When this happens, I can be totally sure that any right-clicking on a file or a folder will result in the windows hanging indefinately. The only way out of this is to end the task through Task Manager.

The layout and folder options become unavailable as well.

Any help would be greatly appeciated !

Thanks a lot.

Fred


----------



## Junior777 (Jul 25, 2012)

Sounds like a bad upgrade or install. My install of Windows 8 doesnt do that. I would recommend a Refresh.


----------



## vilrockerdefer (Sep 17, 2012)

Hello,

The problem was not there just after install, or at least I didn't notice it.

I forgot to mention that if I close the explorer windows through task manager, if I open a new explorer window, the problem will still be there. I will be able to browse files and left-click but nothing else.

I have Adobe Master Collection CS6 installed, Pot Player x64, Nikon Raw Codec... Office 2010 as well.


----------



## AndrewLKE (Oct 15, 2012)

Hi,
I experience the same problem on my laptop. After a while of running I cannot right click files without explorer hanging. I am running windows 8 professional with MS Office 2010, Corel X5. 
How did you resolve your problem?
Thanks
Andrew L


----------



## vilrockerdefer (Sep 17, 2012)

After installing Shellexview and discovering that while Winamp had modified shell shortcuts it did not appear in shellexview, I thought maybe it was faulty. But it didn't solve my problem, so I proceeded with uninstalling other applications that had modified the shell.

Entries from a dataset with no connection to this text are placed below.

lemma L2_Cop_Sop:
  assumes "f \<in> borel_measurable M"
  shows "L2 M (Cop absv q n (Sop absv M q n f))"
proof -
  let ?P = "Cop absv q n (Sop absv M q n f)"
  let ?B = "disc 0 (rad (int n))"
  have "?P = (\<lambda>x. \<Sum>E\<in>fine_discs n. indicator E x * mean_on M f E)"
    using Cop_Sop_eq_step_function[OF assms] by (intro ext) simp
  also have "\<dots> \<in> borel_measurable M"
    by (intro borel_measurable_sum) measurable
  finally have [measurable]: "?P \<in> borel_measurable M" .
  define S where "S = (\<Sum>E\<in>fine_discs n. cmod (mean_on M f E))"
  have "(cmod (?P x))\<^sup>2 \<le> indicator ?B x * S\<^sup>2" for x
  proof (cases "x \<in> ?B")
    case True
    then have "cmod (?P x) \<le> S"
      using member_le_sum[of "disc x (rad (- int n))" "fine_discs n" "\<lambda>E. cmod (mean_on M f E)"]
      by (simp add: Cop_Sop_eq_step_function[OF assms] sum_fine_discs_indicator finite_fine_discs
        disc_in_fine_discs_iff S_def)
    then show ?thesis
      using True by (simp add: power_mono)
  next
    case False
    then show ?thesis
      by (simp add: Cop_def Bball_eq_disc)
  qed
  moreover have "integrable M (\<lambda>x. indicator ?B x * S\<^sup>2)"
    using emeasure_disc[of 0 "int n"] by (intro integrable_mult_left integrable_real_indicator) auto
  ultimately show ?thesis
    unfolding L2_def by (auto intro: Bochner_Integration.integrable_bound[where f="\<lambda>x. indicator ?B x * S\<^sup>2"])
qed

lemma Cop_Sop_in_Cspace_Sspace:
  assumes "L2 M f"
  shows "Cop absv q n (Sop absv M q n f) \<in> Cspace absv M q n \<inter> Sspace absv M q n"
proof -
  have f: "f \<in> borel_measurable M"
    using assms by (simp add: L2_def)
  have "Cop absv q n (Sop absv M q n f) (x + h) = Cop absv q n (Sop absv M q n f) x"
    if "h \<in> disc 0 (rad (- int n))" for x h
  proof -
    have "disc (x + h) (rad (- int n)) = disc x (rad (- int n))"
      using that by (intro disc_eq_if_mem) (simp add: disc_def)
    moreover have "x + h \<in> disc 0 (rad (int n)) \<longleftrightarrow> x \<in> disc 0 (rad (int n))"
      using that rad_mono[of "- int n" "int n"] by (intro add_mem_disc_0_iff) (simp add: disc_def)
    ultimately show ?thesis
      by (simp add: Cop_def Bball_eq_disc Sop_eq_mean_on[OF f] indicator_def)
  qed
  then show ?thesis
    using L2_Cop_Sop[OF f] by (auto simp: Cspace_def Sspace_def Cop_def Bball_eq_disc)
qed

lemma Cspace_Sspace_AE_step_function:
  assumes g: "g \<in> Cspace absv M q n \<inter> Sspace absv M q n"
  obtains \<gamma> where "AE x in M. g x = (\<Sum>E\<in>fine_discs n. indicator E x * \<gamma> E)"
proof -
  have [measurable]: "g \<in> borel_measurable M"
    using g by (simp add: Cspace_def L2_def)
  have "\<forall>E\<in>fine_discs n. \<exists>c. AE y in M. y \<in> E \<longrightarrow> g y = c"
    using g translation_invariant_AE_const_on_disc
    by (auto simp: fine_discs_def Sspace_def Bball_eq_disc)
  then obtain \<gamma> where "\<forall>E\<in>fine_discs n. AE y in M. y \<in> E \<longrightarrow> g y = \<gamma> E"
    by metis
  then have "AE x in M. \<forall>E\<in>fine_discs n. x \<in> E \<longrightarrow> g x = \<gamma> E"
    by (intro AE_finite_allI finite_fine_discs) auto
  moreover have "AE x in M. x \<notin> disc 0 (rad (int n)) \<longrightarrow> g x = 0"
    using g by (simp add: Cspace_def Bball_eq_disc)
  ultimately have "AE x in M. g x = (\<Sum>E\<in>fine_discs n. indicator E x * \<gamma> E)"
    by eventually_elim
      (auto simp: sum_fine_discs_indicator disc_in_fine_discs_iff
        intro: center_in_rad_disc)
  then show ?thesis
    using that by blast
qed

lemma Cop_Sop_residual_orthogonal:
  assumes f: "L2 M f" and g: "g \<in> Cspace absv M q n \<inter> Sspace absv M q n"
  shows "L2_inner M (\<lambda>x. f x - Cop absv q n (Sop absv M q n f) x) g = 0"
proof -
  have [measurable]: "f \<in> borel_measurable M" "Cop absv q n (Sop absv M q n f) \<in> borel_measurable M"
    using f L2_Cop_Sop by (simp_all add: L2_def)
  have [measurable]: "g \<in> borel_measurable M"
    using g by (simp add: Cspace_def L2_def)
  obtain \<gamma> where \<gamma>: "AE x in M. g x = (\<Sum>E\<in>fine_discs n. indicator E x * \<gamma> E)"
    using Cspace_Sspace_AE_step_function[OF g] .
  let ?h = "\<lambda>E x. indicator E x * ((f x - mean_on M f E) * cnj (\<gamma> E))"
  have disc_term: "integrable M (?h E) \<and> integral\<^sup>L M (?h E) = 0" if "E \<in> fine_discs n" for E
    using integral_deviation_from_mean[OF L2_integrable_indicator_mult[OF f]]
      that measure_fine_disc_pos[OF that] emeasure_fine_disc_finite[OF that]
    by simp
  have "L2_inner M (\<lambda>x. f x - Cop absv q n (Sop absv M q n f) x) g = (\<integral>x. (\<Sum>E\<in>fine_discs n. ?h E x) \<partial>M)"
    unfolding L2_inner_def
  proof (rule integral_cong_AE)
    show "AE x in M. (f x - Cop absv q n (Sop absv M q n f) x) * cnj (g x) = (\<Sum>E\<in>fine_discs n. ?h E x)"
      using \<gamma> by eventually_elim
        (simp add: Cop_Sop_eq_step_function sum_fine_discs_indicator cnj_sum)
    show "(\<lambda>x. \<Sum>E\<in>fine_discs n. ?h E x) \<in> borel_measurable M"
      by (intro borel_measurable_sum) measurable
  qed measurable
  also have "\<dots> = (\<Sum>E\<in>fine_discs n. integral\<^sup>L M (?h E))"
    using disc_term by (intro Bochner_Integration.integral_sum) auto
  also have "\<dots> = 0"
    using disc_term by simp
  finally show ?thesis .
qed

end

theorem mainTheorem4:
  fixes absv :: "'a::{field, metric_space} \<Rightarrow> real"
    and M :: "'a measure" and q :: nat and \<beta> :: 'a and n :: nat
  assumes "nonarch_local_field absv M q \<beta>"
    and "n \<ge> 1"
  shows "(\<forall>f. L2 M f \<longrightarrow>
            (AE x in M. Cop absv q n (Sop absv M q n f) x = Sop absv M q n (Cop absv q n f) x))
         \<and> is_orth_proj M (\<lambda>f. Cop absv q n (Sop absv M q n f))
               (Cspace absv M q n \<inter> Sspace absv M q n)"
proof -
  interpret local_field absv M q \<beta>
    by (rule local_field.intro) (rule assms(1))
  show ?thesis
    unfolding is_orth_proj_def
    using Cop_Sop_commute Cop_Sop_in_Cspace_Sspace Cop_Sop_residual_orthogonal by blast
qed

end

My next try was to uninstall Acronis True Image 2013, and that did the trick !

Now my Windows 8 doesn't feel like pre-alpha anymore !

Thanks to all.


----------



## AndrewLKE (Oct 15, 2012)

Thanks for the reply. I actually think its the non stop backup service that caused the problem. I didn't uninstall because I actually need the backup software. I just made the services manual. And my machine has improved.


----------